Assignment: Every line below that holds the word "auto" must be listed.

Extracted data:
lemma phi_edges_of_less_right:
  "(i, j) \<in> Iset n \<Longrightarrow> x \<in> F \<Longrightarrow> xext n lam x (i, j) < xext n lam x (i, j + 1) \<Longrightarrow>
   ((i - 1, j), (i, j)) \<in> phi_edges n lam F"
  unfolding phi_edges_def by blast

lemma phi_edges_of_greater_below:
  "(i, j) \<in> Iset n \<Longrightarrow> x \<in> F \<Longrightarrow> xext n lam x (i + 1, j) < xext n lam x (i, j) \<Longrightarrow>
   ((i, j - 1), (i, j)) \<in> phi_edges n lam F"
  unfolding phi_edges_def by blast

lemma phi_edges_cases:
  assumes "(u, v) \<in> phi_edges n lam F"
  obtains (fst_zero) i where "i \<le> n - 1" "u = (0, i)" "v = (0, i + 1)"
    | (snd_zero) i where "i \<le> n - 1" "u = (i, 0)" "v = (i + 1, 0)"
    | (less_right) i j x where "(i, j) \<in> Iset n" "x \<in> F"
        "xext n lam x (i, j) < xext n lam x (i, j + 1)" "u = (i - 1, j)" "v = (i, j)"
    | (greater_below) i j x where "(i, j) \<in> Iset n" "x \<in> F"
        "xext n lam x (i + 1, j) < xext n lam x (i, j)" "u = (i, j - 1)" "v = (i, j)"
  using assms unfolding phi_edges_def by blast

lemma phi_edges_Qedge: "(u, v) \<in> phi_edges n lam F \<Longrightarrow> Qedge u v"
  by (erule phi_edges_cases) (auto simp: Qedge_def Iset_def)

lemma phi_edges_subset_GammaE:
  fixes k :: "nat list" and lam :: "nat \<Rightarrow> real"
  defines "n \<equiv> sum_list k"
  assumes FG: "F \<subseteq> GC n lam" and n_pos: "0 < n"
    and jumps: "\<And>m. 1 \<le> m \<Longrightarrow> m < n \<Longrightarrow> lam m \<noteq> lam (Suc m) \<Longrightarrow> \<exists>l<length k. m = nsum k l"
  shows "phi_edges n lam F \<subseteq> GammaE k"
proof (clarify)
  fix u v assume uv: "(u, v) \<in> phi_edges n lam F"
  have v: "v \<in> GammaV k"
    using uv
  proof (cases rule: phi_edges_cases)
    case (fst_zero i)
    then show ?thesis using n_pos GammaV_fst_zero[of "i + 1" k] unfolding n_def by simp
  next
    case (snd_zero i)
    then show ?thesis using n_pos GammaV_snd_zero[of "i + 1" k] unfolding n_def by simp
  next
    case (less_right i j x)
    then show ?thesis using strict_point_in_GammaV[OF jumps[unfolded n_def]] FG unfolding n_def by blast
  next
    case (greater_below i j x)
    then show ?thesis using strict_point_in_GammaV[OF jumps[unfolded n_def]] FG unfolding n_def by blast
  qed
  have "Qedge u v" using phi_edges_Qedge[OF uv] .
  then have "u \<in> GammaV k" using GammaV_downward_closed[of "fst v" "snd v" k "fst u" "snd u"] v
    unfolding Qedge_def by auto
  with v \<open>Qedge u v\<close> show "(u, v) \<in> GammaE k" unfolding GammaE_def by blast
qed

Answer to the exercise:
  by (erule phi_edges_cases) (auto simp: Qedge_def Iset_def)
    unfolding Qedge_def by auto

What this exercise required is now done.